Leurs premières résolutions ne tinrent même pas vis-à-vis l'un de l'autre 1. L'Histoire d'un merle blanc, qui n'est pas précisément tendre pour madame Sand, est de l'époque des serments de fidélité éternelle.

Sur la fin de ses jours, Alfred regardait George comme sa plus dure ennemie. Deux ans après la mort d'Alfred, George publiait Elle et Lui, dont quelques pages sont impies. Mais ces signes publics de rancune et d'aversion furent peu de chose auprès du travail intérieur qui les consuma.

Pas à pas et sans rien marchander de la complaisance et de l'admiration que demande une œuvre bien faite, nous avons suivi le détail du « mal que peut faire une femme ». Pour être exact, il faut ajouter que le mal infligé à l'amant ne fut point sans répercussion sur la maîtresse ; quand elle flétrit à jamais ce cœur d'enfant, elle frappa aussi le sien. Sans doute, elle sauvait sa vie et son génie. Mais il est une gerbe de chères illusions qu'il lui fut probablement impossible de préserver.

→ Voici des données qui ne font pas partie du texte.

lemma fps_cutoff_mult_cong:
  fixes f g f' g' :: "'a::comm_ring_1 fps"
  assumes "fps_cutoff m f = fps_cutoff m f'" "fps_cutoff m g = fps_cutoff m g'"
  shows "fps_cutoff m (f * g) = fps_cutoff m (f' * g')"
proof -
  have "(f * g) $ k = (f' * g') $ k" if k: "k < m" for k
  proof -
    have "(f * g) $ k = (fps_cutoff m f' * g) $ k"
      using fps_cutoff_left_mult_nth[OF k, of f g] assms(1) by simp
    also have "\<dots> = (f' * fps_cutoff m g') $ k"
      using fps_cutoff_left_mult_nth[OF k, of f' g] fps_cutoff_right_mult_nth[OF k, of f' g] assms(2)
      by simp
    finally show ?thesis
      using fps_cutoff_right_mult_nth[OF k, of f' g'] by simp
  qed
  then show ?thesis
    by (simp add: fps_cutoff_eq_fps_cutoff_iff)
qed

lemma fps_cutoff_prod_cong:
  "(\<And>x. x \<in> A \<Longrightarrow> fps_cutoff m (f x) = fps_cutoff m (g x)) \<Longrightarrow>
   fps_cutoff m (prod f A :: 'a::comm_ring_1 fps) = fps_cutoff m (prod g A)"
proof (induction A rule: infinite_finite_induct)
  case (insert x F)
  then show ?case
    using fps_cutoff_mult_cong[of m "f x" "g x" "prod f F" "prod g F"] by simp
qed simp_all

lemma fps_cutoff_power_cong:
  "fps_cutoff m f = fps_cutoff m g \<Longrightarrow> fps_cutoff m (f ^ k :: 'a::comm_ring_1 fps) = fps_cutoff m (g ^ k)"
proof (induction k)
  case (Suc k)
  then show ?case
    using fps_cutoff_mult_cong[of m f g "f ^ k" "g ^ k"] by simp
qed simp

lemma fps_cutoff_inverse_cong:
  fixes f g :: "'a::field fps"
  assumes "fps_cutoff m f = fps_cutoff m g" and "f $ 0 \<noteq> 0" "g $ 0 \<noteq> 0"
  shows "fps_cutoff m (inverse f) = fps_cutoff m (inverse g)"
  using fps_cutoff_inverse[of f m] fps_cutoff_inverse[of g m] assms by simp

lemma fps_cutoff_X_mult_cong:
  "fps_cutoff m f = fps_cutoff m g \<Longrightarrow>
   fps_cutoff (Suc m) (fps_X * f) = fps_cutoff (Suc m) (fps_X * g :: 'a::comm_ring_1 fps)"
  unfolding fps_cutoff_eq_fps_cutoff_iff by (auto simp: less_Suc_eq_0_disj)

definition iterate_limit :: "(('i \<Rightarrow> 'a::zero fps) \<Rightarrow> 'i \<Rightarrow> 'a fps) \<Rightarrow> ('i \<Rightarrow> 'a fps) \<Rightarrow> 'i \<Rightarrow> 'a fps" where
  "iterate_limit \<Phi> y i = Abs_fps (\<lambda>t. (\<Phi> ^^ Suc t) y i $ t)"

lemma iterate_limit_nth: "iterate_limit \<Phi> y i $ t = (\<Phi> ^^ Suc t) y i $ t"
  by (simp add: iterate_limit_def)

lemma iterate_limit_fixpoint:
  fixes \<Phi> :: "('i \<Rightarrow> 'a::comm_ring_1 fps) \<Rightarrow> 'i \<Rightarrow> 'a fps"
  assumes const: "\<And>y i. i \<in> A \<Longrightarrow> \<Phi> y i $ 0 = c i"
    and contract: "\<And>y z m. \<forall>i\<in>A. y i $ 0 = c i \<Longrightarrow> \<forall>i\<in>A. z i $ 0 = c i \<Longrightarrow>
        \<forall>i\<in>A. fps_cutoff m (y i) = fps_cutoff m (z i) \<Longrightarrow>
        \<forall>i\<in>A. fps_cutoff (Suc m) (\<Phi> y i) = fps_cutoff (Suc m) (\<Phi> z i)"
    and y0: "\<forall>i\<in>A. y0 i $ 0 = c i" and i: "i \<in> A"
  shows "iterate_limit \<Phi> y0 i = \<Phi> (iterate_limit \<Phi> y0) i"
proof -
  let ?y = "\<lambda>m. (\<Phi> ^^ m) y0" and ?L = "iterate_limit \<Phi> y0"
  have y_const: "\<forall>i\<in>A. ?y m i $ 0 = c i" for m
    using y0 const by (cases m) auto
  have agree_next: "\<forall>i\<in>A. fps_cutoff m (?y m i) = fps_cutoff m (?y (Suc m) i)" for m
  proof (induction m)
    case (Suc m)
    then show ?case
      using contract[OF y_const y_const Suc.IH] by simp
  qed simp
  have stable: "fps_cutoff m (?y m i) = fps_cutoff m (?y m' i)" if "m \<le> m'" "i \<in> A" for m m' i
    using that(1)
  proof (induction m' rule: dec_induct)
    case (step m')
    then show ?case
      using fps_cutoff_mono[OF agree_next[rule_format, OF \<open>i \<in> A\<close>, of m'], of m] by simp
  qed simp
  have L_cutoff: "\<forall>i\<in>A. fps_cutoff m (?L i) = fps_cutoff m (?y m i)" for m
    using stable[of "Suc _" m] by (auto simp: fps_cutoff_eq_fps_cutoff_iff iterate_limit_nth)
  have L_const: "\<forall>i\<in>A. ?L i $ 0 = c i"
    using y_const[of 1] by (simp add: iterate_limit_nth)
  have "fps_cutoff (Suc t) (?L i) = fps_cutoff (Suc t) (\<Phi> ?L i)" for t
    using L_cutoff[of "Suc t"] contract[OF L_const y_const L_cutoff[of t]] i by simp
  then show ?thesis
    by (metis fps_cutoff_eq_fps_cutoff_iff fps_ext lessI)
qed

locale bethe_equations =
  fixes b :: "'a::field" and t :: "nat \<Rightarrow> 'a" and N :: nat
  assumes inj_t: "inj_on t {1..N}"
    and one_plus_b_t_nonzero: "j \<in> {1..N} \<Longrightarrow> 1 + b * t j \<noteq> 0"
begin

abbreviation (input) B :: "'a fps" where "B \<equiv> fps_const b"
abbreviation (input) T :: "nat \<Rightarrow> 'a fps" where "T j \<equiv> fps_const (t j)"

definition bethe_lhs :: "nat \<Rightarrow> (nat \<Rightarrow> 'a fps) \<Rightarrow> nat \<Rightarrow> 'a fps" where
  "bethe_lhs n y i = (-1) ^ n * (\<Prod>l\<in>{1..n}. 1 + B * y l) / (1 + B * y i) ^ n
     * (\<Prod>j\<in>{1..N}. ominus_fps B (y i) (T j))"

Elle ne pouvait plus ni s'ignorer, ni se méconnaître, ni ignorer, ni méconnaître ce qu'est la vie. Comment croire à l'infaillibilité de son propre cœur après sa défaillance entre les bras de Pagello ? Et si elle estimait cette faute sans importance, il lui fallait donc avouer que par le jeu normal de mille forces étrangères l'aventure avait déterminé des maux sans proportion avec l'origine ; dans cette succession d'effets rigoureux, ni sa bonté, ni sa morale de la bonté n'avait été d'autre secours que de compliquer, d'aggraver et de précipiter toutes ces misères fatales.

Prise entre son système et les actions dont l'avait pressée le feu de son sang, il lui avait fallu tour à tour se désavouer pour l'amour de ses idées ou quitter ses idées pour l'amour d'elle-même. Très douce, résolue à n'affliger qui que ce fût, elle avait dû être inhumaine ; très fière, s'amoindrir et s'humilier jusqu'à mentir souvent, longtemps et de sang-froid ; amie du calme, heureuse seulement par la possession de soi-même, errer et flotter sous l'orage et se sentir liée misérablement à ses maux. Son être entier lui échappait et sa doctrine ne constituait même plus une bonne mise en système de ses faiblesses. Elle ne se reniait point, et cependant devait vouloir, avec une extrême énergie, être et paraître tout autre qu'elle n'était.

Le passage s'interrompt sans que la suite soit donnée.